#### Source material
(* Let $n\ge k\ge 2$ and let $\Sigma\subset\mathbb{R}$ be a finite set. If $M$ is a $k\times n$ real matrix with all entries in $\Sigma$ such that every $k\times k$ submatrix formed by $k$ of its columns is nonsingular, then $|\Sigma|\ge\sqrt{n/k}$. *)

theory Defs
  imports Complex_Main "Jordan_Normal_Form.Determinant"
begin

(* A k x n real matrix M is represented as  M :: nat => nat => real, entry (i,j) for i<k, j<n.
   The k x k submatrix formed by columns c 0, ..., c (k-1)  (c injective into {..<n}). *)
definition col_submatrix :: "nat \<Rightarrow> (nat \<Rightarrow> nat \<Rightarrow> real) \<Rightarrow> (nat \<Rightarrow> nat) \<Rightarrow> real mat" where
  "col_submatrix k M c = mat k k (\<lambda>(i,j). M i (c j))"

end

theory Submission
  imports Defs
begin

text \<open>If k of the columns agreed in their first two entries, the k x k matrix they form would
  have two constant rows and hence determinant zero. So each of the at most |\<Sigma>|^2 possible
  pairs of top entries occurs in fewer than k columns, giving n \<le> k |\<Sigma>|^2.\<close>

lemma det_zero_row:
  fixes A :: "'a :: comm_ring_1 mat"
  assumes A: "A \<in> carrier_mat n n" and r: "r < n"
    and zero: "\<And>j. j < n \<Longrightarrow> A $$ (r, j) = 0"
  shows "det A = 0"
proof -
  have "multrow r 0 A = A"
    using A zero by (intro eq_matI) auto
  then show ?thesis
    using det_multrow[OF r A, of 0] by simp
qed

lemma det_two_constant_rows:
  fixes A :: "'a :: field mat"
  assumes A: "A \<in> carrier_mat n n" and r: "r < n" and s: "s < n" and "r \<noteq> s"
    and row_r: "\<And>j. j < n \<Longrightarrow> A $$ (r, j) = a"
    and row_s: "\<And>j. j < n \<Longrightarrow> A $$ (s, j) = b"
  shows "det A = 0"
proof (cases "a = 0")
  case True
  then show ?thesis using det_zero_row[OF A r] row_r by simp
next
  case False
  let ?B = "addrow (- b / a) s r A"
  have "det A = det ?B"
    using det_addrow[OF r \<open>r \<noteq> s\<close>[symmetric] A] by simp
  also have "det ?B = 0"
    by (rule det_zero_row[OF _ s]) (use A row_r row_s r s False in auto)
  finally show ?thesis .
qed

lemma card_le_card_image_mult:
  assumes "finite B" and "f ` A \<subseteq> B"
    and fibres: "\<And>b. b \<in> B \<Longrightarrow> card {x \<in> A. f x = b} \<le> m"
  shows "card A \<le> card B * m"
proof -
  have "A = (\<Union>b\<in>B. {x \<in> A. f x = b})"
    using \<open>f ` A \<subseteq> B\<close> by auto
  then have "card A \<le> (\<Sum>b\<in>B. card {x \<in> A. f x = b})"
    using card_UN_le[OF \<open>finite B\<close>] by metis
  also have "\<dots> \<le> (\<Sum>b\<in>B. m)"
    by (rule sum_mono) (rule fibres)
  finally show ?thesis by simp
qed

lemma card_columns_with_equal_top_entries_less:
  fixes M :: "nat \<Rightarrow> nat \<Rightarrow> real"
  assumes "2 \<le> k"
    and nonsingular: "\<And>c. c ` {..<k} \<subseteq> {..<n} \<Longrightarrow> inj_on c {..<k} \<Longrightarrow>
           det (col_submatrix k M c) \<noteq> 0"
  shows "card {j. j < n \<and> (M 0 j, M 1 j) = (a, b)} < k"
proof (rule ccontr)
  let ?J = "{j. j < n \<and> (M 0 j, M 1 j) = (a, b)}"
  assume "\<not> card ?J < k"
  then obtain T where T: "T \<subseteq> ?J" "card T = k"
    by (meson not_less obtain_subset_with_card_n)
  then have "finite T"
    using assms(1) card.infinite by fastforce
  then obtain c where c: "bij_betw c {..<k} T"
    using ex_bij_betw_nat_finite T(2) lessThan_atLeast0 by metis
  then have "c ` {..<k} \<subseteq> {..<n}" "inj_on c {..<k}"
    using T(1) by (auto simp: bij_betw_def)
  moreover have "det (col_submatrix k M c) = 0"
  proof (rule det_two_constant_rows)
    show "col_submatrix k M c $$ (0, j) = a" "col_submatrix k M c $$ (1, j) = b" if "j < k" for j
      using that bij_betwE[OF c] T(1) assms(1) by (auto simp: col_submatrix_def)
  qed (use assms(1) in \<open>auto simp: col_submatrix_def\<close>)
  ultimately show False
    using nonsingular by blast
qed

theorem claim1p4:
  fixes k n :: nat and \<Sigma> :: "real set" and M :: "nat \<Rightarrow> nat \<Rightarrow> real"
  assumes "2 \<le> k" and "k \<le> n"
    and "finite \<Sigma>"
    and "\<And>i j. i < k \<Longrightarrow> j < n \<Longrightarrow> M i j \<in> \<Sigma>"
    and "\<And>c. c ` {..<k} \<subseteq> {..<n} \<Longrightarrow> inj_on c {..<k} \<Longrightarrow>
           det (col_submatrix k M c) \<noteq> 0"
  shows "real (card \<Sigma>) \<ge> sqrt (real n / real k)"
proof -
  have "card {..<n} \<le> card (\<Sigma> \<times> \<Sigma>) * k"
  proof (rule card_le_card_image_mult[where f = "\<lambda>j. (M 0 j, M 1 j)"])
    show "(\<lambda>j. (M 0 j, M 1 j)) ` {..<n} \<subseteq> \<Sigma> \<times> \<Sigma>"
      using assms(1,4) by auto
    show "card {j \<in> {..<n}. (M 0 j, M 1 j) = p} \<le> k" for p
      using card_columns_with_equal_top_entries_less[where n = n and a = "fst p" and b = "snd p", OF assms(1,5)]
      by simp
  qed (use assms(3) in auto)
  then have "n \<le> card \<Sigma> ^ 2 * k"
    by (simp add: card_cartesian_product power2_eq_square)
  then have "real n \<le> real (card \<Sigma>) ^ 2 * real k"
    by (metis of_nat_le_iff of_nat_mult of_nat_power)
  then have "real n / real k \<le> real (card \<Sigma>) ^ 2"
    using assms(1) by (simp add: divide_le_eq)
  then show ?thesis
    by (rule real_le_lsqrt[rotated]) simp
qed

end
########
→ **Task instructions**
A single number is the answer: how many lines of the entries above contain "assms"?

→ **Written response**
7